» **Problem to work on**
Type out all the records again exactly.

» **Supplied information**
lemma int_span_sum: "(\<And>i. i \<in> A \<Longrightarrow> f i \<in> int_span S) \<Longrightarrow> sum f A \<in> int_span S"
  by (induction A rule: infinite_finite_induct) (simp_all add: int_span_zero int_span_add)

lemma int_span_of_int_scale:
  assumes "x \<in> int_span S"
  shows "qscale (of_int k) x \<in> int_span S"
proof -
  obtain m where "x = (\<Sum>s\<in>S. qscale (of_int (m s)) s)"
    using assms by (rule int_spanE)
  then have "qscale (of_int k) x = (\<Sum>s\<in>S. qscale (of_int (k * m s)) s)"
    by (simp add: qscale_sum qscale_qscale)
  then show ?thesis by (rule int_spanI)
qed

lemma int_span_qscale:
  assumes "x \<in> int_span S" "\<And>s. s \<in> S \<Longrightarrow> qscale c s \<in> int_span S'"
  shows "qscale c x \<in> int_span S'"
proof -
  obtain m where "x = (\<Sum>s\<in>S. qscale (of_int (m s)) s)"
    using assms(1) by (rule int_spanE)
  then have "qscale c x = (\<Sum>s\<in>S. qscale (of_int (m s)) (qscale c s))"
    by (simp add: qscale_sum qscale_qscale mult.commute)
  also have "\<dots> \<in> int_span S'"
    using assms(2) by (intro int_span_sum int_span_of_int_scale)
  finally show ?thesis .
qed

lemma algebraic_int_if_int_span_stable:
  fixes x :: "'k::field_char_0"
  assumes "finite S" "z \<in> int_span S" "z \<noteq> 0"
    and stable: "\<And>s. s \<in> S \<Longrightarrow> qscale x s \<in> int_span S"
  shows "algebraic_int x"
proof -
  obtain s0 where "s0 \<in> S" "s0 \<noteq> 0"
  proof (rule ccontr)
    assume "\<not> thesis"
    then have "\<forall>s\<in>S. s = 0" using that by blast
    then have "z = 0" using assms(2)
      by (auto elim!: int_spanE intro!: sum.neutral simp: qscale_zero_right)
    with \<open>z \<noteq> 0\<close> show False ..
  qed
  have "\<forall>s\<in>S. \<exists>m. qscale x s = (\<Sum>s'\<in>S. qscale (of_int (m s')) s')"
    using stable unfolding int_span_def by blast
  then obtain M where M: "\<And>s. s \<in> S \<Longrightarrow> qscale x s = (\<Sum>s'\<in>S. qscale (of_int (M s s')) s')"
    by metis
  obtain f where f: "f \<in> {q0, q1, q2, q3}" "f s0 \<noteq> 0"
    using \<open>s0 \<noteq> 0\<close> quat_eqI[of s0 0] by auto
  have "x * f s = (\<Sum>s'\<in>S. of_int (M s s') * f s')" if "s \<in> S" for s
    using f(1) arg_cong[OF M[OF that], of f] by auto
  then show ?thesis
    by (rule algebraic_int_eigenvalue_int_family[where v = f, OF assms(1) \<open>s0 \<in> S\<close> f(2)])
qed

lemma int_span_adjoin_algebraic_int:
  fixes c :: "'k::field_char_0"
  assumes "finite S" "algebraic_int c"
  obtains S' where "finite S'" "S \<subseteq> S'" "\<forall>s'\<in>S'. \<exists>i. \<exists>s\<in>S. s' = qscale (c ^ i) s"
    "\<forall>s\<in>S'. qscale c s \<in> int_span S'"
    "\<forall>y. (\<forall>s\<in>S. qscale y s \<in> int_span S) \<longrightarrow> (\<forall>s\<in>S'. qscale y s \<in> int_span S')"
proof -
  obtain d m where "d > 0" and power_d: "c ^ d = (\<Sum>i<d. of_int (m i) * c ^ i)"
    using assms(2) by (rule algebraic_int_monic_relation)
  define S' where "S' = (\<lambda>(i, s). qscale (c ^ i) s) ` ({..<d} \<times> S)"
  have "finite S'" unfolding S'_def using assms(1) by simp
  have mem: "qscale (c ^ i) s \<in> S'" if "i < d" "s \<in> S" for i s
    unfolding S'_def using that by force
  then have span: "qscale (c ^ i) s \<in> int_span S'" if "i < d" "s \<in> S" for i s
    using that int_span_base[OF \<open>finite S'\<close>] by blast
  have "S \<subseteq> S'" using mem[of 0] \<open>d > 0\<close> by (auto simp: qscale_one)
  have "qscale c s' \<in> int_span S'" if "s' \<in> S'" for s'
  proof -
    obtain i s where "i < d" "s \<in> S" and s': "s' = qscale (c ^ i) s"
      using \<open>s' \<in> S'\<close> unfolding S'_def by auto
    then have c_s': "qscale c s' = qscale (c ^ Suc i) s" by (simp add: qscale_qscale)
    show ?thesis
    proof (cases "Suc i < d")
      case True
      then show ?thesis unfolding c_s' using span \<open>s \<in> S\<close> by blast
    next
      case False
      with \<open>i < d\<close> have "Suc i = d" by simp
      with c_s' have "qscale c s' = qscale (c ^ d) s" by simp
      also have "\<dots> = (\<Sum>j<d. qscale (of_int (m j)) (qscale (c ^ j) s))"
        unfolding power_d by (intro quat_eqI) (simp_all add: sum_distrib_right mult.assoc)
      also have "\<dots> \<in> int_span S'"
        using span \<open>s \<in> S\<close> by (intro int_span_sum int_span_of_int_scale) simp
      finally show ?thesis .
    qed
  qed
  moreover have "\<forall>s\<in>S'. qscale y s \<in> int_span S'" if y: "\<forall>s\<in>S. qscale y s \<in> int_span S" for y
  proof
    fix s' assume "s' \<in> S'"
    then obtain i s where "i < d" "s \<in> S" "s' = qscale (c ^ i) s"
      unfolding S'_def by auto
    then have "qscale y s' = qscale (c ^ i) (qscale y s)"
      by (simp add: qscale_qscale mult.commute)
    also have "\<dots> \<in> int_span S'"
      using y \<open>s \<in> S\<close> span[OF \<open>i < d\<close>] by (blast intro: int_span_qscale)
    finally show "qscale y s' \<in> int_span S'" .
  qed
  moreover have "\<forall>s'\<in>S'. \<exists>i. \<exists>s\<in>S. s' = qscale (c ^ i) s"
    unfolding S'_def by auto
  ultimately show ?thesis
    using that \<open>finite S'\<close> \<open>S \<subseteq> S'\<close> by blast
qed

» **Worked solution**
lemma int_span_sum: "(\<And>i. i \<in> A \<Longrightarrow> f i \<in> int_span S) \<Longrightarrow> sum f A \<in> int_span S"
  by (induction A rule: infinite_finite_induct) (simp_all add: int_span_zero int_span_add)

lemma int_span_of_int_scale:
  assumes "x \<in> int_span S"
  shows "qscale (of_int k) x \<in> int_span S"
proof -
  obtain m where "x = (\<Sum>s\<in>S. qscale (of_int (m s)) s)"
    using assms by (rule int_spanE)
  then have "qscale (of_int k) x = (\<Sum>s\<in>S. qscale (of_int (k * m s)) s)"
    by (simp add: qscale_sum qscale_qscale)
  then show ?thesis by (rule int_spanI)
qed

lemma int_span_qscale:
  assumes "x \<in> int_span S" "\<And>s. s \<in> S \<Longrightarrow> qscale c s \<in> int_span S'"
  shows "qscale c x \<in> int_span S'"
proof -
  obtain m where "x = (\<Sum>s\<in>S. qscale (of_int (m s)) s)"
    using assms(1) by (rule int_spanE)
  then have "qscale c x = (\<Sum>s\<in>S. qscale (of_int (m s)) (qscale c s))"
    by (simp add: qscale_sum qscale_qscale mult.commute)
  also have "\<dots> \<in> int_span S'"
    using assms(2) by (intro int_span_sum int_span_of_int_scale)
  finally show ?thesis .
qed

lemma algebraic_int_if_int_span_stable:
  fixes x :: "'k::field_char_0"
  assumes "finite S" "z \<in> int_span S" "z \<noteq> 0"
    and stable: "\<And>s. s \<in> S \<Longrightarrow> qscale x s \<in> int_span S"
  shows "algebraic_int x"
proof -
  obtain s0 where "s0 \<in> S" "s0 \<noteq> 0"
  proof (rule ccontr)
    assume "\<not> thesis"
    then have "\<forall>s\<in>S. s = 0" using that by blast
    then have "z = 0" using assms(2)
      by (auto elim!: int_spanE intro!: sum.neutral simp: qscale_zero_right)
    with \<open>z \<noteq> 0\<close> show False ..
  qed
  have "\<forall>s\<in>S. \<exists>m. qscale x s = (\<Sum>s'\<in>S. qscale (of_int (m s')) s')"
    using stable unfolding int_span_def by blast
  then obtain M where M: "\<And>s. s \<in> S \<Longrightarrow> qscale x s = (\<Sum>s'\<in>S. qscale (of_int (M s s')) s')"
    by metis
  obtain f where f: "f \<in> {q0, q1, q2, q3}" "f s0 \<noteq> 0"
    using \<open>s0 \<noteq> 0\<close> quat_eqI[of s0 0] by auto
  have "x * f s = (\<Sum>s'\<in>S. of_int (M s s') * f s')" if "s \<in> S" for s
    using f(1) arg_cong[OF M[OF that], of f] by auto
  then show ?thesis
    by (rule algebraic_int_eigenvalue_int_family[where v = f, OF assms(1) \<open>s0 \<in> S\<close> f(2)])
qed

lemma int_span_adjoin_algebraic_int:
  fixes c :: "'k::field_char_0"
  assumes "finite S" "algebraic_int c"
  obtains S' where "finite S'" "S \<subseteq> S'" "\<forall>s'\<in>S'. \<exists>i. \<exists>s\<in>S. s' = qscale (c ^ i) s"
    "\<forall>s\<in>S'. qscale c s \<in> int_span S'"
    "\<forall>y. (\<forall>s\<in>S. qscale y s \<in> int_span S) \<longrightarrow> (\<forall>s\<in>S'. qscale y s \<in> int_span S')"
proof -
  obtain d m where "d > 0" and power_d: "c ^ d = (\<Sum>i<d. of_int (m i) * c ^ i)"
    using assms(2) by (rule algebraic_int_monic_relation)
  define S' where "S' = (\<lambda>(i, s). qscale (c ^ i) s) ` ({..<d} \<times> S)"
  have "finite S'" unfolding S'_def using assms(1) by simp
  have mem: "qscale (c ^ i) s \<in> S'" if "i < d" "s \<in> S" for i s
    unfolding S'_def using that by force
  then have span: "qscale (c ^ i) s \<in> int_span S'" if "i < d" "s \<in> S" for i s
    using that int_span_base[OF \<open>finite S'\<close>] by blast
  have "S \<subseteq> S'" using mem[of 0] \<open>d > 0\<close> by (auto simp: qscale_one)
  have "qscale c s' \<in> int_span S'" if "s' \<in> S'" for s'
  proof -
    obtain i s where "i < d" "s \<in> S" and s': "s' = qscale (c ^ i) s"
      using \<open>s' \<in> S'\<close> unfolding S'_def by auto
    then have c_s': "qscale c s' = qscale (c ^ Suc i) s" by (simp add: qscale_qscale)
    show ?thesis
    proof (cases "Suc i < d")
      case True
      then show ?thesis unfolding c_s' using span \<open>s \<in> S\<close> by blast
    next
      case False
      with \<open>i < d\<close> have "Suc i = d" by simp
      with c_s' have "qscale c s' = qscale (c ^ d) s" by simp
      also have "\<dots> = (\<Sum>j<d. qscale (of_int (m j)) (qscale (c ^ j) s))"
        unfolding power_d by (intro quat_eqI) (simp_all add: sum_distrib_right mult.assoc)
      also have "\<dots> \<in> int_span S'"
        using span \<open>s \<in> S\<close> by (intro int_span_sum int_span_of_int_scale) simp
      finally show ?thesis .
    qed
  qed
  moreover have "\<forall>s\<in>S'. qscale y s \<in> int_span S'" if y: "\<forall>s\<in>S. qscale y s \<in> int_span S" for y
  proof
    fix s' assume "s' \<in> S'"
    then obtain i s where "i < d" "s \<in> S" "s' = qscale (c ^ i) s"
      unfolding S'_def by auto
    then have "qscale y s' = qscale (c ^ i) (qscale y s)"
      by (simp add: qscale_qscale mult.commute)
    also have "\<dots> \<in> int_span S'"
      using y \<open>s \<in> S\<close> span[OF \<open>i < d\<close>] by (blast intro: int_span_qscale)
    finally show "qscale y s' \<in> int_span S'" .
  qed
  moreover have "\<forall>s'\<in>S'. \<exists>i. \<exists>s\<in>S. s' = qscale (c ^ i) s"
    unfolding S'_def by auto
  ultimately show ?thesis
    using that \<open>finite S'\<close> \<open>S \<subseteq> S'\<close> by blast
qed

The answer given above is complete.